#### To do
Return a copy of every line in the records that includes the word "dots".

=== Provided data ===

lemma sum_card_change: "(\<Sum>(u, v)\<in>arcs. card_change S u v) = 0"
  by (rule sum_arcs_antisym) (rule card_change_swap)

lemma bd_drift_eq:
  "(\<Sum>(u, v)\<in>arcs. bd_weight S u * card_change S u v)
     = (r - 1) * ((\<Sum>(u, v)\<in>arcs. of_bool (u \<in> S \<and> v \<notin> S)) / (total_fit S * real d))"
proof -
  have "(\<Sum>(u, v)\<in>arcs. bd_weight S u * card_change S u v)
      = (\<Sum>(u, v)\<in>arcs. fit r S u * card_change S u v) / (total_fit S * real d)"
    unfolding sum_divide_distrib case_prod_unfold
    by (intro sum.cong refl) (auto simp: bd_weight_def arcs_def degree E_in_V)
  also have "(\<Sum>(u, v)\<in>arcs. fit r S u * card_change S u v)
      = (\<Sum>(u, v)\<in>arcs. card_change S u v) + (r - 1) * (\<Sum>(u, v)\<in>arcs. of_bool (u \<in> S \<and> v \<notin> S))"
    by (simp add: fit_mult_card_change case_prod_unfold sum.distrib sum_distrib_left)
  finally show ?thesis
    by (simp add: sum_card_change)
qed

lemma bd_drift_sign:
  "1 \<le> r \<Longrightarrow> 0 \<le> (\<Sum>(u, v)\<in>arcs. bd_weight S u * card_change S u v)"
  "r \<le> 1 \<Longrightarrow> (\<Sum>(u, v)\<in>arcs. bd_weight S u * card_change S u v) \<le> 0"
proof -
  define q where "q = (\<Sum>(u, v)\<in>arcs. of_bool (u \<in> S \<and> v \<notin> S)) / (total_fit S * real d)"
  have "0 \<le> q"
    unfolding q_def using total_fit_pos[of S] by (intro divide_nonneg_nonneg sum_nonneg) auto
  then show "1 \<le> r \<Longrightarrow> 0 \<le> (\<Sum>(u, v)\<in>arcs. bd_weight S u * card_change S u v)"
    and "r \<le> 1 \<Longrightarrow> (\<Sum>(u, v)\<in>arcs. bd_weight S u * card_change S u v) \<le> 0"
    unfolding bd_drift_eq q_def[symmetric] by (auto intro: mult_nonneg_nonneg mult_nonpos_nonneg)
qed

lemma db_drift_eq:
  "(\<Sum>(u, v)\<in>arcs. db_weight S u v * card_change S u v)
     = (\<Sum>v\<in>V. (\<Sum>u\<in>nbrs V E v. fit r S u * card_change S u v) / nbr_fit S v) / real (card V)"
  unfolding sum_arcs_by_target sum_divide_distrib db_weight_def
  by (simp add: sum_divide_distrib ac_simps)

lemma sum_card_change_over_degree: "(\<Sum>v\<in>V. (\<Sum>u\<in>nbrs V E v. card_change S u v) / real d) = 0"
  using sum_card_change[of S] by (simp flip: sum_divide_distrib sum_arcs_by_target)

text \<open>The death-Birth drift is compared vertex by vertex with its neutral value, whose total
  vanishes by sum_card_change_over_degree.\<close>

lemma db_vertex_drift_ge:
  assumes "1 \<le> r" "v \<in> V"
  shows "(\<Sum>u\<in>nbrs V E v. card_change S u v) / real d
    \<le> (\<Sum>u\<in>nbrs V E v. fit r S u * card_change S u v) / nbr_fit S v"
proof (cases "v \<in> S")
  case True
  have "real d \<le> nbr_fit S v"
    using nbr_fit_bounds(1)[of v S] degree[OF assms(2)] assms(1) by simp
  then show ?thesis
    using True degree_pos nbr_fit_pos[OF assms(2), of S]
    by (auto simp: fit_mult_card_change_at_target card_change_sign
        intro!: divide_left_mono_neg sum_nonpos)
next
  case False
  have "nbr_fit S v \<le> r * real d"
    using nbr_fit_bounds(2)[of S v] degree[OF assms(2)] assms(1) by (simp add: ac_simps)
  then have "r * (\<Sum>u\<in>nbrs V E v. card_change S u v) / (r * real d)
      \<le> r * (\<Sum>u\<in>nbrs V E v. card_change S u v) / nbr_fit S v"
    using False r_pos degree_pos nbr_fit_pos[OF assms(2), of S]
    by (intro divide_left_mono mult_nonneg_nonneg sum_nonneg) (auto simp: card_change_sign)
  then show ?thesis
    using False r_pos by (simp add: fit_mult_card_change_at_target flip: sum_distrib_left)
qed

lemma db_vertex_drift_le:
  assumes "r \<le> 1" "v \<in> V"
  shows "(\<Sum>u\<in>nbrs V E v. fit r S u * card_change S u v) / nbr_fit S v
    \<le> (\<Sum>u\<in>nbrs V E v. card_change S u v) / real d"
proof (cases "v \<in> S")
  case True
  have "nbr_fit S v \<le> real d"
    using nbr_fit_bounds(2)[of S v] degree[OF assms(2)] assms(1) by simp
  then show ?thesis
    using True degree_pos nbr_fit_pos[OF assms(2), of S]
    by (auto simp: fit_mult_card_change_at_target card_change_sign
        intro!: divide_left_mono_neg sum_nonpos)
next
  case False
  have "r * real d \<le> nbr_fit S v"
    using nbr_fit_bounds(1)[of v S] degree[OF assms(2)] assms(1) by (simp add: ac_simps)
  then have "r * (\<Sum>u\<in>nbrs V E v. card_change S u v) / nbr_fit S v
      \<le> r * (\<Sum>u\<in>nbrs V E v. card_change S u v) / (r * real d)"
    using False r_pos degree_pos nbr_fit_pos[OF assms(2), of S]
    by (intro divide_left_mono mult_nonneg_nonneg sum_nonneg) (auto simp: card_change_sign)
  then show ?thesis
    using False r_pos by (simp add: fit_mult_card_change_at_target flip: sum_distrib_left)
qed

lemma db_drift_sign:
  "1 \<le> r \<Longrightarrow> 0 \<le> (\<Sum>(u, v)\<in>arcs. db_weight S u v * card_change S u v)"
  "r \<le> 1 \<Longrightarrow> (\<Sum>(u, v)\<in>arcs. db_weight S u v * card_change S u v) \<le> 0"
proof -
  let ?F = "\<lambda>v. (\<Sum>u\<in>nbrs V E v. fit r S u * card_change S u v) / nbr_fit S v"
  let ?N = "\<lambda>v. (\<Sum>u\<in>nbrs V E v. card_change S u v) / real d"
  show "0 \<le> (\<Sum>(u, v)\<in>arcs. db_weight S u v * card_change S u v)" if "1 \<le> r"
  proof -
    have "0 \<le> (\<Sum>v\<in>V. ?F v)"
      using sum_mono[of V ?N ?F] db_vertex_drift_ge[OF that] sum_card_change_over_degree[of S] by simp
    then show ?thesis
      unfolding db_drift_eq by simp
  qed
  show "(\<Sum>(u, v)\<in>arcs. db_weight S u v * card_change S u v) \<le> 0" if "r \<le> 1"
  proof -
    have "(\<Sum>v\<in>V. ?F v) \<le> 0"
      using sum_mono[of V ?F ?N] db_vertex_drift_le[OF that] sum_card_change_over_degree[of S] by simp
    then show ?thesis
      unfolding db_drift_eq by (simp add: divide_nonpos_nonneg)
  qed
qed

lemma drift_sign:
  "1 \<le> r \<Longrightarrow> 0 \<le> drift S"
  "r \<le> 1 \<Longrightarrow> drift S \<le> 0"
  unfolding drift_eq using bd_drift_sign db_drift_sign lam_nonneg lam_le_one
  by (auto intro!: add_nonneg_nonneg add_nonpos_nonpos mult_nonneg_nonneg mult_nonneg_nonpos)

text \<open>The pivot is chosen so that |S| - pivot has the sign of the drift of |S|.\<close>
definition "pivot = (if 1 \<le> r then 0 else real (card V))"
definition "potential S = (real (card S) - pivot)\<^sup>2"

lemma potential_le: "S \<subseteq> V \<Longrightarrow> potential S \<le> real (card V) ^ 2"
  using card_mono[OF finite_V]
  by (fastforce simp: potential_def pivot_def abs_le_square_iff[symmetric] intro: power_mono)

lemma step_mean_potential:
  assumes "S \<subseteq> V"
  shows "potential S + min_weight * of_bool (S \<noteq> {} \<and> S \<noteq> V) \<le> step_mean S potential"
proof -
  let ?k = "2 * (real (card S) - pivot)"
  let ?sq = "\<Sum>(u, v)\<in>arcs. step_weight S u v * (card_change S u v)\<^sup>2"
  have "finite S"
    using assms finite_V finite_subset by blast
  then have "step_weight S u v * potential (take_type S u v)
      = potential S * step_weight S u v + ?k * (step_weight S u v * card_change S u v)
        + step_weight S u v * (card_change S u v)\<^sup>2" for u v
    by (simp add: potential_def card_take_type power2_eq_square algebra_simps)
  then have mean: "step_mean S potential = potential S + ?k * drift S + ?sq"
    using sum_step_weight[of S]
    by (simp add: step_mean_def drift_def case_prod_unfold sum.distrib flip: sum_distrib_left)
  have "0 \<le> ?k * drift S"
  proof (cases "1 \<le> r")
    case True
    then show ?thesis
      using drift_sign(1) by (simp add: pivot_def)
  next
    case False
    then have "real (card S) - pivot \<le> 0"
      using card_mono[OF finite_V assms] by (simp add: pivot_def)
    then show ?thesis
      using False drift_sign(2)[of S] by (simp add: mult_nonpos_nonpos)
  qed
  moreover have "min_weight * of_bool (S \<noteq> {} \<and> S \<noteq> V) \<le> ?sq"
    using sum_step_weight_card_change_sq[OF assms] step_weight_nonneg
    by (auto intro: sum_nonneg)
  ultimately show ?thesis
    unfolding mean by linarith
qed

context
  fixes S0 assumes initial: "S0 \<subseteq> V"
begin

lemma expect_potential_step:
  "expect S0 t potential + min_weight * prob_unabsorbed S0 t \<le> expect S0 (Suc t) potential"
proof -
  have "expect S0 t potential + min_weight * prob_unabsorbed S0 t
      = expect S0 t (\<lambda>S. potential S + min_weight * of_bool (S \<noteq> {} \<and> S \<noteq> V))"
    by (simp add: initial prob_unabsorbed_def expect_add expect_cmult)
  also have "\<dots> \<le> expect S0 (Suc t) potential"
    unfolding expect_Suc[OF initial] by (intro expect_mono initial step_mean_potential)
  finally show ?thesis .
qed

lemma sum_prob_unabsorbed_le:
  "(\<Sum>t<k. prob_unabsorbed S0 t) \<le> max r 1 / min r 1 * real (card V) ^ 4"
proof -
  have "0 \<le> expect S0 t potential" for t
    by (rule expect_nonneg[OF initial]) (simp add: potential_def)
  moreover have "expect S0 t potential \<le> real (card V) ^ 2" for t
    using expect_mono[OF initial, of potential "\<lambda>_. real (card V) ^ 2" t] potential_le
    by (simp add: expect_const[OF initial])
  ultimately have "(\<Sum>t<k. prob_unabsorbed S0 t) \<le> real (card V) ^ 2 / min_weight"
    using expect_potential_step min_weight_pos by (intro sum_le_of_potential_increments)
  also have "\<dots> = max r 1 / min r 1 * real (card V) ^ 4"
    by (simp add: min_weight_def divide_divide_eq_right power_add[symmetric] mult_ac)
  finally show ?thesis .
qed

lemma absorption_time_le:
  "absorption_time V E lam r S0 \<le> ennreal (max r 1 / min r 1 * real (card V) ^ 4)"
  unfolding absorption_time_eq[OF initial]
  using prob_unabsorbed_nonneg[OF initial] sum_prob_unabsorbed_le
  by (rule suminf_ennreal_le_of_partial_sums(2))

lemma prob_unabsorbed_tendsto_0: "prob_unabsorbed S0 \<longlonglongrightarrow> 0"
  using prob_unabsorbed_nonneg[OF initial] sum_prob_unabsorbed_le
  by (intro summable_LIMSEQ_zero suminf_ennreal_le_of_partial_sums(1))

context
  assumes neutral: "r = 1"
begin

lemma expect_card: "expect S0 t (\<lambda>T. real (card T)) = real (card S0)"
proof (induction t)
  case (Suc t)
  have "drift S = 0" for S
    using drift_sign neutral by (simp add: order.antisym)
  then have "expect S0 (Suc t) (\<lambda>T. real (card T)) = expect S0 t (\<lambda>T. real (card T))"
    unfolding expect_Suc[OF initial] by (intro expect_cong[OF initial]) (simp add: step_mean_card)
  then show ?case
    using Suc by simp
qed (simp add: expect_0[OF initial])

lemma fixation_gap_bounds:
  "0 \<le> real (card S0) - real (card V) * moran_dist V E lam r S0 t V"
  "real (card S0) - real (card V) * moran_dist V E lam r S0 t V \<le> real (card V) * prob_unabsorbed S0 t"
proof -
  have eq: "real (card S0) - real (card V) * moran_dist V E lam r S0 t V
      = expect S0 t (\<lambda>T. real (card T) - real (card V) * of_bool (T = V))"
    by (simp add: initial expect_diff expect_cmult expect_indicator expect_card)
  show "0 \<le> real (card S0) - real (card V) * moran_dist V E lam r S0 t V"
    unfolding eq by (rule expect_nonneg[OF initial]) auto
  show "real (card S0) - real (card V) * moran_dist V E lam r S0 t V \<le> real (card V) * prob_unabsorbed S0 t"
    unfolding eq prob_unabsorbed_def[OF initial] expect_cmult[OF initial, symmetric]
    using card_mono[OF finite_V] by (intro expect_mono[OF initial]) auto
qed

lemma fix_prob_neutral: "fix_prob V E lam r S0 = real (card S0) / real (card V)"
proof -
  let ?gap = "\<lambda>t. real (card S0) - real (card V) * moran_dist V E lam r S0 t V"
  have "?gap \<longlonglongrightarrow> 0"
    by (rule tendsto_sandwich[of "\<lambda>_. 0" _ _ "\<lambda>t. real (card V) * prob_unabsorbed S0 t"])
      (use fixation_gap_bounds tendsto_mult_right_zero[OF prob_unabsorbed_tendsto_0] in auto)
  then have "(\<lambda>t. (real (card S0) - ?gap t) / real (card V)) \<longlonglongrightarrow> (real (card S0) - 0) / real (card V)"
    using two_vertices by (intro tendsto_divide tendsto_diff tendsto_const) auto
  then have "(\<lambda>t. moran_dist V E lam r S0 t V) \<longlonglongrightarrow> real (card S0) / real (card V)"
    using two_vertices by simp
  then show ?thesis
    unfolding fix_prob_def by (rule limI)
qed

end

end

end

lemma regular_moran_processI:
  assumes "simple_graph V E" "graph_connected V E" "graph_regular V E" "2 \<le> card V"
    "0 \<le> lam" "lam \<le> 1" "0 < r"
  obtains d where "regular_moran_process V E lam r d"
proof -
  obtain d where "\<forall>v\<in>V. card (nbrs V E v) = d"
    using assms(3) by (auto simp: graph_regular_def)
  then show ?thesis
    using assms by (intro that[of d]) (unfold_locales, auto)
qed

===
=== Provided data ===

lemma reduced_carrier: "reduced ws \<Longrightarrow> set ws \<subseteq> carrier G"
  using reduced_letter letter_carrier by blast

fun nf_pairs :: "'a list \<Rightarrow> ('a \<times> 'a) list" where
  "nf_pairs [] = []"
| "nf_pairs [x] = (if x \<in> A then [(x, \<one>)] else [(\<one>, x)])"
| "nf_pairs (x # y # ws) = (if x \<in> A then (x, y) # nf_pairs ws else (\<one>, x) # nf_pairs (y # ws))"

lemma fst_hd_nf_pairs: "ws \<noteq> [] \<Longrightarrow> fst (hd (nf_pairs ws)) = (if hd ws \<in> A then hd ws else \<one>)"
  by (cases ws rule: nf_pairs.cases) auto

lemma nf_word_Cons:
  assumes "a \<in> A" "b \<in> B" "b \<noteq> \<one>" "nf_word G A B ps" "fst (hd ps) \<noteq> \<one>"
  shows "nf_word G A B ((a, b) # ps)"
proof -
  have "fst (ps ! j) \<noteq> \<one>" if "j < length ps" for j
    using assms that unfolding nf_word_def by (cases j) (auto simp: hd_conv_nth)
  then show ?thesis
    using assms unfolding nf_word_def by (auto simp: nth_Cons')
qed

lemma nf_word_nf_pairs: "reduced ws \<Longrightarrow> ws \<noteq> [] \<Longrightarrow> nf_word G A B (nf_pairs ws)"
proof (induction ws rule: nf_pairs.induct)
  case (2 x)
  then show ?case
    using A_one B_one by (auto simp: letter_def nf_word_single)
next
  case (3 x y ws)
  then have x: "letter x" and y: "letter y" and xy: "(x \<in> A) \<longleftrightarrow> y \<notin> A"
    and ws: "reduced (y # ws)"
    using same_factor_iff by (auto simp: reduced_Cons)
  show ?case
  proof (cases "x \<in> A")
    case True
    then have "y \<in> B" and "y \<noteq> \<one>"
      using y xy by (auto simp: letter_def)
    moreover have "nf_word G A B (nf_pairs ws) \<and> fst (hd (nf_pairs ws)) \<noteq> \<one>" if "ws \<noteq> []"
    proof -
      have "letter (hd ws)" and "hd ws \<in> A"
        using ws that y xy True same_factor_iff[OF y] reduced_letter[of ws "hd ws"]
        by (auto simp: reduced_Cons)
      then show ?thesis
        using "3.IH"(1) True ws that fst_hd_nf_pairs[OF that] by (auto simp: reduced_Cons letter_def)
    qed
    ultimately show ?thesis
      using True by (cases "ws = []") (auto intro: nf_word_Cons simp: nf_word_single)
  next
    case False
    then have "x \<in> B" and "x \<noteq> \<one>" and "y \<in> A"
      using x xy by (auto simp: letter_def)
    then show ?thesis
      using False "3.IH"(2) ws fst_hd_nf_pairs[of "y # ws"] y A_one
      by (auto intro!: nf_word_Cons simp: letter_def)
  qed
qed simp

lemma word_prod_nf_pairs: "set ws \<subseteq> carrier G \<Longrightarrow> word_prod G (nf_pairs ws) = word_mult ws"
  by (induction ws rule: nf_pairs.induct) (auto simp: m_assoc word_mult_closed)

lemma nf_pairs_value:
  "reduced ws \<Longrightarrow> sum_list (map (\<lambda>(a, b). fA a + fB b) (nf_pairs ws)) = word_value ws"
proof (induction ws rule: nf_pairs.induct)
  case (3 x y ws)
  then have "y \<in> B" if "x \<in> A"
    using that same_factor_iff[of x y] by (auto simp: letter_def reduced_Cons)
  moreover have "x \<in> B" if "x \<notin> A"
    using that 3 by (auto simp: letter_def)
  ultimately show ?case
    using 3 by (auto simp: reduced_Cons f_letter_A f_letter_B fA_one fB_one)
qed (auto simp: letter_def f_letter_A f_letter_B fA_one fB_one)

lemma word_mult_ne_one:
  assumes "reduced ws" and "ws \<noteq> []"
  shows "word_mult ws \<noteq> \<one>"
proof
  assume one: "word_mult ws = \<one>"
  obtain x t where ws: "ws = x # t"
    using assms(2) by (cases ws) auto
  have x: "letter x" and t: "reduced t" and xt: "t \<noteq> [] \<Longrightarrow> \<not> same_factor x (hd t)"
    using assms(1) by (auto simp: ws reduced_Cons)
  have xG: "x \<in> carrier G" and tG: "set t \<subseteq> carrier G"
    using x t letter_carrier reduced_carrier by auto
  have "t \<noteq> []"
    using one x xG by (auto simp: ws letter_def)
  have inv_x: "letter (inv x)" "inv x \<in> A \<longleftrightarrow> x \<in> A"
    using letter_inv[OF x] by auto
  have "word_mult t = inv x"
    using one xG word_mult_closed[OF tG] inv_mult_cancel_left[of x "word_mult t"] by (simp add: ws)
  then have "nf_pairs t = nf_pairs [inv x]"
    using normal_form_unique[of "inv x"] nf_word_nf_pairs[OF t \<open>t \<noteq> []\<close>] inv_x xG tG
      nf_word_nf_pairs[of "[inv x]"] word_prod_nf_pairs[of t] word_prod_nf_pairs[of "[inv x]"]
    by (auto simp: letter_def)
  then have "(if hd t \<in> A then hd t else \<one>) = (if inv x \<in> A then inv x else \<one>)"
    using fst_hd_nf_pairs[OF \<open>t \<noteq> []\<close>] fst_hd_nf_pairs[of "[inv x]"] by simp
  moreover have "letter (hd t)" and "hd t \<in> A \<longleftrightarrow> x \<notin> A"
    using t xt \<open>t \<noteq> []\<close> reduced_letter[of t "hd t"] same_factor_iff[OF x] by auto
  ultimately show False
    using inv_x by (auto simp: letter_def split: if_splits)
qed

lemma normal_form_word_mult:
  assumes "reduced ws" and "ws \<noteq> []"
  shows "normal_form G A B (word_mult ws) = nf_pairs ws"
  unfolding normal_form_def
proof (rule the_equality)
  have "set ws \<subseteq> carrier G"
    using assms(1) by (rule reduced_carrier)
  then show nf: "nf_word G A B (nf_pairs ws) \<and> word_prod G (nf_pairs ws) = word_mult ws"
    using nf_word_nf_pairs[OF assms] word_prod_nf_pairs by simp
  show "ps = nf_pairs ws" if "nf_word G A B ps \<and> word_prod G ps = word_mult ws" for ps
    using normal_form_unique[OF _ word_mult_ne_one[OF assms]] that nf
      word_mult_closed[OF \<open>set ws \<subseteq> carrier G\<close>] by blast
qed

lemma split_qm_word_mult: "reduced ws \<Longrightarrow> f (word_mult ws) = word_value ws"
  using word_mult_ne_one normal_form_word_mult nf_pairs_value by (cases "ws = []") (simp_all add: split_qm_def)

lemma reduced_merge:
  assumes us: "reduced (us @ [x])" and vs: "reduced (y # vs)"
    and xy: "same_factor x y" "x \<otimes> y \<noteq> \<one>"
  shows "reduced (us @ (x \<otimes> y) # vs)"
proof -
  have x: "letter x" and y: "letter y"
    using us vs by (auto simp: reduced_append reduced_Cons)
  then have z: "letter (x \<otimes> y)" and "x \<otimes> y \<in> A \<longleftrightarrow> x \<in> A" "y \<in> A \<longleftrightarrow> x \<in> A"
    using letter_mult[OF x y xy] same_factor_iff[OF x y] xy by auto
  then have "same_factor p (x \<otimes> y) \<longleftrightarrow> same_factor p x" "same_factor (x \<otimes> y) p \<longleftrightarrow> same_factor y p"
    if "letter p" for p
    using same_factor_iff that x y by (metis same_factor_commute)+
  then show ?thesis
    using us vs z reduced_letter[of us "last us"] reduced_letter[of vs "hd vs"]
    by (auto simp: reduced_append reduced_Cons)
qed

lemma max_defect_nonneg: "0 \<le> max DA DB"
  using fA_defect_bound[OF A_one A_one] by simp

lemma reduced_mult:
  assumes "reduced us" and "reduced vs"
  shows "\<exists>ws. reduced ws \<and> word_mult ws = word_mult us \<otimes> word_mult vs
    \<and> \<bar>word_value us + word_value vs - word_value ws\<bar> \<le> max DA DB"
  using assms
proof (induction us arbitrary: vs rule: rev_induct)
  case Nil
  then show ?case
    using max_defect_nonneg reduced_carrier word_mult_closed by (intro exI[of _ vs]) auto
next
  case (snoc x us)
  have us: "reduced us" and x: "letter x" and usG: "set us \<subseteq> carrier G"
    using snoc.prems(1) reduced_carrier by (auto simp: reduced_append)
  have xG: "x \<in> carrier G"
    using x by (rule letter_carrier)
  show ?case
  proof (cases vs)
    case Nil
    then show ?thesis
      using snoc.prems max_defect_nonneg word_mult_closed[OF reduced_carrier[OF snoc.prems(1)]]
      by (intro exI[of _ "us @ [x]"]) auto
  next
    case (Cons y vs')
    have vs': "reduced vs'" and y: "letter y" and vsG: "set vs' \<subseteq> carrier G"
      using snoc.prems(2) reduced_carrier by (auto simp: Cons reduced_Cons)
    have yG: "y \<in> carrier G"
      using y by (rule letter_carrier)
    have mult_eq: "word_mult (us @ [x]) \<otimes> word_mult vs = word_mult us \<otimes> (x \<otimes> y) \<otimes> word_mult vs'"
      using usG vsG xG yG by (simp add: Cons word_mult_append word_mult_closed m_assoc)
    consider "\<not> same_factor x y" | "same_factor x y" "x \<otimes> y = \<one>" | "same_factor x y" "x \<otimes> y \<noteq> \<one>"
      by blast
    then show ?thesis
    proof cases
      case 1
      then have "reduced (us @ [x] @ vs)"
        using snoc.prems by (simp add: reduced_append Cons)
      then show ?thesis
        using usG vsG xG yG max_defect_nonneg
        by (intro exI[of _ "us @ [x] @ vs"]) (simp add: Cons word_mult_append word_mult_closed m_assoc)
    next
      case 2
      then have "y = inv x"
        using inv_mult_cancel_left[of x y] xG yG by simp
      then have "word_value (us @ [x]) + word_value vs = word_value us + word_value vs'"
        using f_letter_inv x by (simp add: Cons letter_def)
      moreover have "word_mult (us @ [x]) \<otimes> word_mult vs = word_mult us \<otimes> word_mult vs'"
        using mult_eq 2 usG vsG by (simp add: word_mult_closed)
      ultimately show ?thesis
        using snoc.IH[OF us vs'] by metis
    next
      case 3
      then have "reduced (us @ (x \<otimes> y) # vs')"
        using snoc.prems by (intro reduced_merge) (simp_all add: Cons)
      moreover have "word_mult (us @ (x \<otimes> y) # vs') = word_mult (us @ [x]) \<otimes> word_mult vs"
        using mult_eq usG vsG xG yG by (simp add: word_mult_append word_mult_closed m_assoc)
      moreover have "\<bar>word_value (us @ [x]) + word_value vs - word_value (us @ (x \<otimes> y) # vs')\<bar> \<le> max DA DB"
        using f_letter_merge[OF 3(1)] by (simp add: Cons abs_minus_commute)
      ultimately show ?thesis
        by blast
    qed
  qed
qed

===

#### Answer for the task
  also have "\<dots> \<le> expect S0 (Suc t) potential"
  also have "\<dots> = max r 1 / min r 1 * real (card V) ^ 4"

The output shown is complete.